# VW backs away from Chrysler



## vibes099 (Jul 23, 2007)

Not to worry, VW really doesn't plan to stay with Chrysler for long. 
VW North America Group CEO Martin Winterkorn says in this artical 
"The Routan will be a Chrysler-based vehicle for only one generation, said Winterkorn. He said the successor "will be from VW."

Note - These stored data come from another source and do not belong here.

(* Let $\Pi$ be a projective plane of order $q^2$ and let $\phi$ be an embedding of the complete bipartite graph $K_{q^2,q^2}$ into $\Pi$. Then for every Baer subplane $\pi$ of $\Pi$, at least $q$ of the lines of $\Pi$ onto which edges of $K_{q^2,q^2}$ are mapped are lines of $\pi$.
   Context: A finite projective plane of order $Q$ has $Q^2+Q+1$ points and lines, $Q+1$ points on each line and $Q+1$ lines through each point; any two distinct points lie on a unique line and any two lines meet in a unique point. A Baer subplane of a plane of order $q^2$ is a set of points and lines of the plane forming a projective plane of order $q$ under the inherited incidence; its lines are lines of $\Pi$. An embedding of a simple graph $G=(V,E)$ into $\Pi$ is an injective map $\phi$ from $V$ to the points of $\Pi$ such that the induced map $\overline{\phi}$ sending an edge $ab$ to the line through $\phi(a),\phi(b)$ is injective on $E$; the lines $\overline{\phi}(E)$ are the embedded edges. *)

theory Defs
  imports Main
begin

definition projective_plane ::
  "'p set \<Rightarrow> 'l set \<Rightarrow> ('p \<Rightarrow> 'l \<Rightarrow> bool) \<Rightarrow> nat \<Rightarrow> bool" where
  "projective_plane P L I n \<longleftrightarrow>
     n \<ge> 2 \<and> finite P \<and> finite L \<and>
     card P = n^2 + n + 1 \<and> card L = n^2 + n + 1 \<and>
     (\<forall>l\<in>L. card {p\<in>P. I p l} = n + 1) \<and>
     (\<forall>p\<in>P. card {l\<in>L. I p l} = n + 1) \<and>
     (\<forall>p\<in>P. \<forall>r\<in>P. p \<noteq> r \<longrightarrow> (\<exists>!l. l \<in> L \<and> I p l \<and> I r l)) \<and>
     (\<forall>l\<in>L. \<forall>m\<in>L. l \<noteq> m \<longrightarrow> (\<exists>!p. p \<in> P \<and> I p l \<and> I p m))"

definition baer_subplane ::
  "'p set \<Rightarrow> 'l set \<Rightarrow> ('p \<Rightarrow> 'l \<Rightarrow> bool) \<Rightarrow> nat \<Rightarrow> 'p set \<Rightarrow> 'l set \<Rightarrow> bool" where
  "baer_subplane P L I q P' L' \<longleftrightarrow>
     P' \<subseteq> P \<and> L' \<subseteq> L \<and> projective_plane P' L' I q"

definition edge_line ::
  "'l set \<Rightarrow> ('p \<Rightarrow> 'l \<Rightarrow> bool) \<Rightarrow> ('v \<Rightarrow> 'p) \<Rightarrow> 'v set \<Rightarrow> 'l" where
  "edge_line L I phi e = (THE l. l \<in> L \<and> (\<forall>x\<in>e. I (phi x) l))"

text \<open>Embedding of a simple graph (V, E), edges given as 2-element sets of vertices.\<close>
definition graph_embedding ::
  "'p set \<Rightarrow> 'l set \<Rightarrow> ('p \<Rightarrow> 'l \<Rightarrow> bool) \<Rightarrow> 'v set \<Rightarrow> 'v set set \<Rightarrow> ('v \<Rightarrow> 'p) \<Rightarrow> bool" where
  "graph_embedding P L I V E phi \<longleftrightarrow>
     phi ` V \<subseteq> P \<and> inj_on phi V \<and> inj_on (edge_line L I phi) E"

definition embedded_edges ::
  "'l set \<Rightarrow> ('p \<Rightarrow> 'l \<Rightarrow> bool) \<Rightarrow> 'v set set \<Rightarrow> ('v \<Rightarrow> 'p) \<Rightarrow> 'l set" where
  "embedded_edges L I E phi = edge_line L I phi ` E"

definition Kbip_V :: "nat \<Rightarrow> (nat + nat) set" where
  "Kbip_V n = Inl ` {..<n} \<union> Inr ` {..<n}"

definition Kbip_E :: "nat \<Rightarrow> (nat + nat) set set" where
  "Kbip_E n = {{Inl i, Inr j} | i j. i < n \<and> j < n}"

end

theory Submission
  imports Defs
begin

text \<open>The q^4 edges of K_{q^2,q^2} go to q^4 distinct lines, so only q^2 + 1 of the
q^4 + q^2 + 1 lines of the plane carry no edge. A Baer subplane has q^2 + q + 1 lines,
hence at least q of them carry edges.\<close>

lemma card_Kbip_E: "card (Kbip_E n) = n^2"
proof -
  have "Kbip_E n = (\<lambda>(i, j). {Inl i, Inr j}) ` ({..<n} \<times> {..<n})"
    unfolding Kbip_E_def by auto
  moreover have "inj_on (\<lambda>(i, j). {Inl i, Inr j} :: (nat + nat) set) ({..<n} \<times> {..<n})"
    by (auto simp: inj_on_def doubleton_eq_iff)
  ultimately show ?thesis
    by (simp add: card_image card_cartesian_product power2_eq_square)
qed

lemma Kbip_E_edge:
  assumes "e \<in> Kbip_E n"
  obtains a b where "e = {a, b}" "a \<in> Kbip_V n" "b \<in> Kbip_V n" "a \<noteq> b"
  using assms unfolding Kbip_E_def Kbip_V_def by blast

lemma edge_line_mem:
  assumes "projective_plane P L I n"
    and "graph_embedding P L I V E phi"
    and "a \<in> V" "b \<in> V" "a \<noteq> b"
  shows "edge_line L I phi {a, b} \<in> L"
proof -
  have "phi a \<in> P" "phi b \<in> P" "phi a \<noteq> phi b"
    using assms(2-5) unfolding graph_embedding_def inj_on_def by auto
  then have "\<exists>!l. l \<in> L \<and> I (phi a) l \<and> I (phi b) l"
    using assms(1) unfolding projective_plane_def by blast
  then have "\<exists>!l. l \<in> L \<and> (\<forall>x\<in>{a, b}. I (phi x) l)"
    by simp
  from theI'[OF this] show ?thesis
    unfolding edge_line_def by blast
qed

lemma embedded_edges_subset_lines:
  assumes "projective_plane P L I n"
    and "graph_embedding P L I V E phi"
    and "\<And>e. e \<in> E \<Longrightarrow> \<exists>a\<in>V. \<exists>b\<in>V. a \<noteq> b \<and> e = {a, b}"
  shows "embedded_edges L I E phi \<subseteq> L"
proof
  fix l assume "l \<in> embedded_edges L I E phi"
  then obtain e where "e \<in> E" "l = edge_line L I phi e"
    unfolding embedded_edges_def by blast
  with assms(3) obtain a b where "a \<in> V" "b \<in> V" "a \<noteq> b" "l = edge_line L I phi {a, b}"
    by blast
  then show "l \<in> L"
    using edge_line_mem[OF assms(1,2)] by blast
qed

lemma card_embedded_edges:
  assumes "graph_embedding P L I V E phi"
  shows "card (embedded_edges L I E phi) = card E"
  using assms unfolding graph_embedding_def embedded_edges_def by (simp add: card_image)

theorem corollary4p13:
  fixes P :: "'p set" and L :: "'l set" and I :: "'p \<Rightarrow> 'l \<Rightarrow> bool"
    and q :: nat and phi :: "nat + nat \<Rightarrow> 'p"
  assumes "projective_plane P L I (q^2)"
    and "graph_embedding P L I (Kbip_V (q^2)) (Kbip_E (q^2)) phi"
    and "baer_subplane P L I q P' L'"
  shows "card (L' \<inter> embedded_edges L I (Kbip_E (q^2)) phi) \<ge> q"
proof -
  let ?Em = "embedded_edges L I (Kbip_E (q^2)) phi"
  have "finite L" and card_L: "card L = (q^2)^2 + q^2 + 1"
    using assms(1) unfolding projective_plane_def by auto
  have "L' \<subseteq> L" and card_L': "card L' = q^2 + q + 1"
    using assms(3) unfolding baer_subplane_def projective_plane_def by auto
  have "?Em \<subseteq> L"
    using embedded_edges_subset_lines[OF assms(1,2)] by (meson Kbip_E_edge)
  have card_Em: "card ?Em = (q^2)^2"
    using card_embedded_edges[OF assms(2)] card_Kbip_E by simp
  have "card L' + card ?Em = card (L' \<union> ?Em) + card (L' \<inter> ?Em)"
    using \<open>finite L\<close> \<open>L' \<subseteq> L\<close> \<open>?Em \<subseteq> L\<close> by (intro card_Un_Int) (auto intro: finite_subset)
  moreover have "card (L' \<union> ?Em) \<le> card L"
    using \<open>finite L\<close> \<open>L' \<subseteq> L\<close> \<open>?Em \<subseteq> L\<close> by (intro card_mono) auto
  ultimately show ?thesis
    using card_L card_L' card_Em by linarith
qed

end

Obviously this is a stop gap measure, and they've so much as said so in the past. But it seems a little harsh to talk about how they want to move to a VW only platform for the minivan before their first minivan is even sold. To be buying a vehicle that is being pushed out the back door before it even entered the front door makes one worry about servicability, parts supply, training.
http://www.autoweek.com/apps/p...TNEWS


----------



## AzBarber (Jun 2, 2003)

*Re: VW backs away from Chrysler (vibes099)*

So the Routan is a one year only model.
Can anyone say "White Elephant". Yet another reason to avoid.
Az


----------



## vwbugstuff (Mar 27, 2004)

*Re: VW backs away from Chrysler (AzBarber)*

One generation could be anywhere from 5-10 years. The New Beetle is on 11 already....
In theory, if VW decides on a location for their US factory in June or July, how long would it take for land acquisition, building and staffing and to get their own van into production?

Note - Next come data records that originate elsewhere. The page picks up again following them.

lemma obj_xMS_le:
  assumes v: "valid_inst D" and f: "feasible D ig ts x y eta u"
  shows "obj D (xMS D y) y (eta_of D (xMS D y) y u) u \<le> obj D x y eta u"
proof (rule obj_mono[OF v])
  have D: "scen_tree D" by (rule valid_inst_scen_tree[OF v])
  show sc: "stage_cost D (xMS D y) y n \<le> stage_cost D x y n" if n: "n \<in> nodes D" for n
    using stage_cost_mono[OF v n] mxB_le_sum_Pth[OF D f n] sum_Pth_xMS[OF D n] by simp
  show "eta_of D (xMS D y) y u n \<le> eta n" if n: "n \<in> nodes D - Leaves D" for n
  proof (rule eta_of_le[OF D n])
    fix m assume "m \<in> Ch D n"
    then have m: "m \<in> nodes D" "m \<noteq> root D" "par D m = n"
      unfolding Ch_def by auto
    then have "stage_cost D x y m \<le> u m + eta n"
      using f unfolding feasible_def by force
    then show "stage_cost D (xMS D y) y m \<le> u m + eta n"
      using sc[OF m(1)] by linarith
  qed
qed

_Modified by vwbugstuff at 12:51 PM 3-21-2008_


----------



## TREGinginCO (Jan 4, 2004)

*Re: VW backs away from Chrysler (vwbugstuff)*

The Routan will only have ONE PRODUCT CYCLE on a Chrysler platform... meaning (as the previous poster said) that it could go for several years, but once it's time for a redesign of the Chrysler van... VW won't be part of that.
But, don't think VW will be getting out of the minivan business at that point. (read into that what you will).


----------



## vibes099 (Jul 23, 2007)

*Re: VW backs away from Chrysler (TREGinginCO)*

Agreed, it could be 5 years to 8 years , probably about the time to get a plant made and come up with a new design. My only point is it just doesn't make good sense from a sales point of view. Typically in sales you don't describe the next generation products because you kill your present sales orders. They set the stage with the microbus and killed all of the eurovan orders. I would often know more about the next generation of large storage area networks from different venders than the front line sales force because the companies didn't want the front line sales force to have any knowledge of the next generation products. It's like they are setting themselves up for failure making rookie mistakes. People are going to be driving these vehicles for a long time. A very small percentage of vehicles go into leases, people are interested in vehicles because they have long commutes, or want these for long family road trips. The average age of the car on the road now is over 10 years and minivans they keep longer because they are more of an investment. Also, people want to buy a new car in hopes that they can sell it with over 100k on it and it will still be very usable to someone else who will pay a good price for it. Now anyone who would buy a 2009 new and plan to keep it 5 years and then sell it will fear that it won't have any resale value because it will be difficult to find parts as it's a one off. Fewer would want to buy it in 2012 or beyond for fear that they are going to be stranded despite it being under warranty (what dealorship is going to be putting money into training for mechanics on chrysler products when it's just got a few years left). Fewer still would buy towards the end of the production cycle because they will simply wait for the VW designed minivan.


----------



## Seyfarth (Nov 11, 2002)

*Re: VW backs away from Chrysler (vwbugstuff)*

They could build it in Puebla, Mexico, just like the New Beetle, the Rabbit/Golf and Jetta.


----------



## Cubster (Nov 26, 2002)

*Re: VW backs away from Chrysler (Seyfarth)*

This could also be a test to see if people will buy a VW minivan.


----------



## mrreet (Sep 10, 2002)

*Re: VW backs away from Chrysler (Cubster)*


_Quote, originally posted by *Cubster* »_This could also be a test to see if people will buy a VW minivan.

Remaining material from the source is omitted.